3) О тенях, кот. мерещатся читателям.
4) «Не с нашим счастьем», как говорили москвичи в конце дек. 1916, обсуждая слухи о смерти Распутина.
5) …и я уже слышу голос, предупреждающий меня, чтобы я не проваливалась в нее, как провалился Пастернак в «Живаго», что и стало его гибелью, но я отвечаю – нет, мне грозит нечто совершенно иное. Я сейчас прочла свои стихи (довольно избранные). Они показались мне невероятно суровыми (какая уж там нежность ранних!), обнаженными, нищими, но в них нет жалоб, плача над собой и всего невыносимого. Но кому они нужны! Я бы, положа руку на сердце, ни за что не стала бы их читать, если бы их написал кто-нибудь другой. Они ничего не дают читателю. Они похожи на стихи человека, 20 л. просидевшего в тюрьме. Уважаешь судьбу, но в них нечему учиться, они не несут утешения, они не так совершенны, чтобы ими любоваться, за ними, по-моему, нельзя идти. И этот суровый черный, как уголь, голос, и ни проблеска, ни луча, ни капли… Все кончено бесповоротно. Может быть, если их соединить с последней книжкой (1961 г.), это будет не так заметно или может создаться иное впечатление. Величья никакого я в них не вижу. Вообще это так голо, так в лоб – так однообразно, хотя тема несчастной любви отсутствует. Как-то поярче – «Выцветшие картинки», но боюсь, что их будут воспринимать как стилизацию – не дай Бог! – (а это мое первое по времени Царское, до-версальское, до-расстреллиевское). А остальное! – углем по дегтю. Боже! – неужели это стихи? Сама трагедия не должна быть такой. Так и кажется, что люди, собравшиеся, чтобы их читать, должны потихоньку говорить друг другу: «Пойдем выпьем» или что-нибудь в этом роде.

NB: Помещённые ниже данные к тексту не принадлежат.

lemma convolution_kernel_le_far_left:
  fixes z t V e :: real
  assumes z: "0 \<le> V" "V \<le> z" "2 * z \<le> t" and e: "0 < e"
  shows "(1 + z) powr (-1 - e) * (1 + t - z) powr (- e) \<le>
    2 powr (1 + e) * (1 + V) powr (- e / 2) * (1 + t) powr (- e) * (1 + z) powr (-1 - e / 2)"
    (is "?P powr _ * ?Q powr _ \<le> ?c * ?\<rho> * ?R powr _ * _")
proof -
  have "?Q powr (- e) \<le> (?R / 2) powr (- e)"
    using z e by (intro powr_mono2') auto
  also have "\<dots> = 2 powr e * ?R powr (- e)"
    using z by (simp add: powr_divide powr_minus divide_simps)
  also have "\<dots> \<le> ?c * ?R powr (- e)"
    by (intro mult_right_mono powr_mono) auto
  finally have Q: "?Q powr (- e) \<le> ?c * ?R powr (- e)" .
  have "?P powr (-1 - e) * ?Q powr (- e) = ?P powr (-1 - e / 2) * ?P powr (- e / 2) * ?Q powr (- e)"
    by (subst powr_split_exponent[of _ "-1 - e / 2" "- e / 2"]) auto
  also have "\<dots> \<le> ?P powr (-1 - e / 2) * ?\<rho> * (?c * ?R powr (- e))"
    using z e Q by (intro mult_mono mult_left_mono powr_mono2') auto
  finally show ?thesis
    by (simp add: ac_simps)
qed

lemma convolution_kernel_le_far_right:
  fixes z t V e :: real
  assumes z: "0 \<le> V" "V \<le> z" "z \<le> t" "t < 2 * z" and e: "0 < e"
  shows "(1 + z) powr (-1 - e) * (1 + t - z) powr (- e) \<le>
    2 powr (1 + e) * (1 + V) powr (- e / 2) * (1 + t) powr (- e) *
      ((1 + t) powr (-1 + e / 2) * (1 + t - z) powr (- e))"
    (is "?P powr _ * ?Q powr _ \<le> ?c * ?\<rho> * ?R powr _ * _")
proof -
  have "?P powr (-1 - e) \<le> (?R / 2) powr (-1 - e)"
    using z e by (intro powr_mono2') auto
  also have "\<dots> = ?c * ?R powr (-1 - e)"
  proof -
    have "2 powr (-1 - e) * ?c = 1"
      using powr_split_exponent[of 0 "-1 - e" "1 + e" 2] by simp
    then show ?thesis
      using z by (simp add: powr_divide field_simps)
  qed
  also have "\<dots> = ?c * ?R powr (- e) * ?R powr (-1 + e / 2) * ?R powr (- e / 2)"
    using powr_split_exponent[of "-1 - e" "- e + (-1 + e / 2)" "- e / 2" ?R]
      powr_split_exponent[of "- e + (-1 + e / 2)" "- e" "-1 + e / 2" ?R] by simp
  also have "\<dots> \<le> ?c * ?R powr (- e) * ?R powr (-1 + e / 2) * ?\<rho>"
    using z e by (intro mult_left_mono powr_mono2') auto
  finally have "?P powr (-1 - e) * ?Q powr (- e) \<le>
      ?c * ?R powr (- e) * ?R powr (-1 + e / 2) * ?\<rho> * ?Q powr (- e)"
    by (intro mult_right_mono) auto
  then show ?thesis
    by (simp add: ac_simps)
qed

Как я завидую Вам в Вашем волшебном Подмосковии, с каким тяжелым ужасом вспоминаю Коломенское, без которого почти невозможно жить, и Лавру, кот. когда-то защищал князь Долгорукий-Роща (как сказано на доске над Воротами), а при первом взгляде на иконостас ясно, что в этой стране будут и Пушкин, и Достоевский.

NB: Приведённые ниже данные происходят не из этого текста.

text \<open>A Chebyshev--Mertens bound \<open>\<Sum>_{d<x} \<Lambda>(d)/d \<le> 2 + 4 log x\<close>, obtained from the convolution
  identity with \<open>f = 1\<close> evaluated at \<open>X = x\<^sup>2\<close>.\<close>

lemma mangoldt_harmonic_bound:
  assumes "x \<ge> 1"
  shows "(\<Sum>d\<in>nats_below x. Defs.mangoldt d / real d) \<le> 2 + 4 * ln x"
proof (cases "x = 1")
  case True
  then have "nats_below x = {}" by auto
  then show ?thesis using True by simp
next
  case False
  then have x1: "x > 1" using assms by simp
  define X where "X = x * x"
  have X1: "X > 1" using x1 by (simp add: X_def less_1_mult)
  have xX: "x < X" using mult_strict_left_mono[of 1 x x] x1 by (simp add: X_def)
  define s where "s = (\<Sum>d\<in>nats_below x. Defs.mangoldt d / real d)"
  have lnX: "ln X = 2 * ln x" using x1 by (simp add: X_def ln_mult)
  have "ln x * s = (\<Sum>d\<in>nats_below x. Defs.mangoldt d / real d * ln x)"
    by (simp add: s_def sum_distrib_left mult.commute)
  also have "\<dots> \<le> (\<Sum>d\<in>nats_below x. Defs.mangoldt d / real d * ln (X / real d))"
  proof (rule sum_mono)
    fix d assume d: "d \<in> nats_below x"
    then have "ln x \<le> ln (X / real d)" using x1 X1 by (simp add: ln_div lnX)
    then show "Defs.mangoldt d / real d * ln x \<le> Defs.mangoldt d / real d * ln (X / real d)"
      by (intro mult_left_mono) (auto intro: divide_nonneg_nonneg mangoldt_nonneg_Defs)
  qed
  also have "\<dots> \<le> (\<Sum>d\<in>nats_below X. Defs.mangoldt d / real d * ln (X / real d))"
    by (rule sum_mono2[OF finite_nats_below])
       (use xX in \<open>auto intro!: mult_nonneg_nonneg divide_nonneg_nonneg mangoldt_nonneg_Defs\<close>)
  also have "\<dots> \<le> (\<Sum>d\<in>nats_below X. Defs.mangoldt d / real d * harm_below (X / real d))"
    by (intro sum_mono mult_left_mono ln_le_harm_below divide_nonneg_nonneg mangoldt_nonneg_Defs)
       (use X1 in auto)
  also have "\<dots> = (\<Sum>n\<in>nats_below X. 1 * ln (real n) / real n)"
    using sum_log_convolution[of "\<lambda>_. 1::real" X] by (simp add: harm_below_def sum_divide_distrib)
  also have "\<dots> \<le> (\<Sum>n\<in>nats_below X. ln X * (1 / real n))"
    by (intro sum_mono) (auto simp: divide_right_mono)
  also have "\<dots> = ln X * harm_below X" by (simp add: harm_below_def sum_distrib_left)
  also have "\<dots> \<le> ln X * (1 + ln X)"
    using X1 by (intro mult_left_mono harm_below_le) auto
  finally have "ln x * s \<le> ln x * (2 + 4 * ln x)" by (simp add: lnX algebra_simps)
  then show ?thesis using x1 by (simp add: s_def mult_le_cancel_left)
qed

И один Бог знает, что я писала: то ли балетное либретто, то ли киношный сценарий. Я так и забыла спросить об этом у Алеши Баталова. Об этой моей деятельности я подробнее пишу в другом месте.
Примечание
Единственное место, где я упоминаю о ней в моих стихах – это –
т. е. предлагаю оставить ее кому-то на память.
Читателей поражает, что нигде не видны швы новых заплат, но я тут ни при чем.

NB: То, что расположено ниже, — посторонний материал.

(* Let $B>4$ and $U\ge 1$ be integers, let $N_0\ge 0$ and $E_s>0$, and let $\mathbf{H}\in\mathbb{C}^{B\times U}$ have i.i.d.\ circularly symmetric complex Gaussian entries with zero mean and unit variance. Let $\mathbf{A}=\mathbf{H}^H\mathbf{H}+N_0E_s^{-1}\mathbf{I}_U$, let $\mathbf{D}$ be the diagonal matrix with the same diagonal as $\mathbf{A}$, and let $\mathbf{E}=\mathbf{A}-\mathbf{D}$. Then for every integer $K\ge 1$ and every $\alpha>0$, \[ \Pr\left\{\|\mathbf{D}^{-1}\mathbf{E}\|_F^K<\alpha\right\}\;\ge\;1-\frac{U^2-U}{\alpha^{2/K}}\sqrt{\frac{2B(B+1)}{(B-1)(B-2)(B-3)(B-4)}}. \]
   Context: $\|\cdot\|_F$ denotes the Frobenius norm and $\mathbf{H}^H$ the conjugate transpose. The diagonal entries of $\mathbf{A}$ are almost surely positive, so $\mathbf{D}$ is almost surely invertible. $\mathbf{E}$ is the "hollow" part of $\mathbf{A}$ (zero diagonal, off-diagonal entries equal to those of $\mathbf{A}$). *)

theory Defs
  imports "HOL-Probability.Probability"
begin

text \<open>Matrices of size m x n are represented as functions nat => nat => complex,
  only the entries with row index < m and column index < n being relevant.\<close>

text \<open>Density of the circularly symmetric complex Gaussian CN(0,1) with respect to
  Lebesgue measure on the complex plane (identified with R^2).\<close>
definition cgauss_density :: "complex \<Rightarrow> ennreal" where
  "cgauss_density z = ennreal (exp (- (cmod z)\<^sup>2) / pi)"

definition reg_gram :: "nat \<Rightarrow> real \<Rightarrow> (nat \<Rightarrow> nat \<Rightarrow> complex) \<Rightarrow> nat \<Rightarrow> nat \<Rightarrow> complex" where
  "reg_gram B c H u v = (\<Sum>b<B. cnj (H b u) * H b v) + (if u = v then complex_of_real c else 0)"

definition diag_part :: "(nat \<Rightarrow> nat \<Rightarrow> complex) \<Rightarrow> nat \<Rightarrow> nat \<Rightarrow> complex" where
  "diag_part A u v = (if u = v then A u u else 0)"

definition hollow_part :: "(nat \<Rightarrow> nat \<Rightarrow> complex) \<Rightarrow> nat \<Rightarrow> nat \<Rightarrow> complex" where
  "hollow_part A u v = A u v - diag_part A u v"

definition diag_inv :: "(nat \<Rightarrow> nat \<Rightarrow> complex) \<Rightarrow> nat \<Rightarrow> nat \<Rightarrow> complex" where
  "diag_inv D u v = (if u = v then inverse (D u u) else 0)"

definition sq_mult :: "nat \<Rightarrow> (nat \<Rightarrow> nat \<Rightarrow> complex) \<Rightarrow> (nat \<Rightarrow> nat \<Rightarrow> complex) \<Rightarrow> nat \<Rightarrow> nat \<Rightarrow> complex" where
  "sq_mult n X Y i j = (\<Sum>k<n. X i k * Y k j)"

definition frob_norm :: "nat \<Rightarrow> nat \<Rightarrow> (nat \<Rightarrow> nat \<Rightarrow> complex) \<Rightarrow> real" where
  "frob_norm m n X = sqrt (\<Sum>i<m. \<Sum>j<n. (cmod (X i j))\<^sup>2)"

end

theory Submission
  imports Defs "HOL-Real_Asymp.Real_Asymp"
begin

…Я сразу услышала и увидела ее всю – какая она сейчас (кроме войны, разумеется), но понадобилось двадцать лет, чтобы из первого наброска выросла вся поэма.
На месяцы, на годы она закрывалась герметически, я забывала ее, я не любила ее, я внутренне боролась с ней. Работа над ней (когда она подпускала меня к себе) напоминала проявление пластинки. Там уже все были. Демон всегда был Блоком, Верстовой Столб – Поэтом вообще, Поэтом с большой буквы (чем-то вроде Маяковского) и т. д. Характеры развивались, менялись, жизнь приводила новые действующие лица. Кто-то уходил. Борьба с читателем продолжалась все время. Помощь читателя (особенно в Ташкенте) тоже. Там мне казалось, что мы пишем ее все вместе. Иногда она вся устремлялась в балет (два раза), и тогда ее было ничем не удержать. Я думала, что она там и останется навсегда. Я писала некое подобие балетного либретто, но потом она возвращалась, и все шло по-старому.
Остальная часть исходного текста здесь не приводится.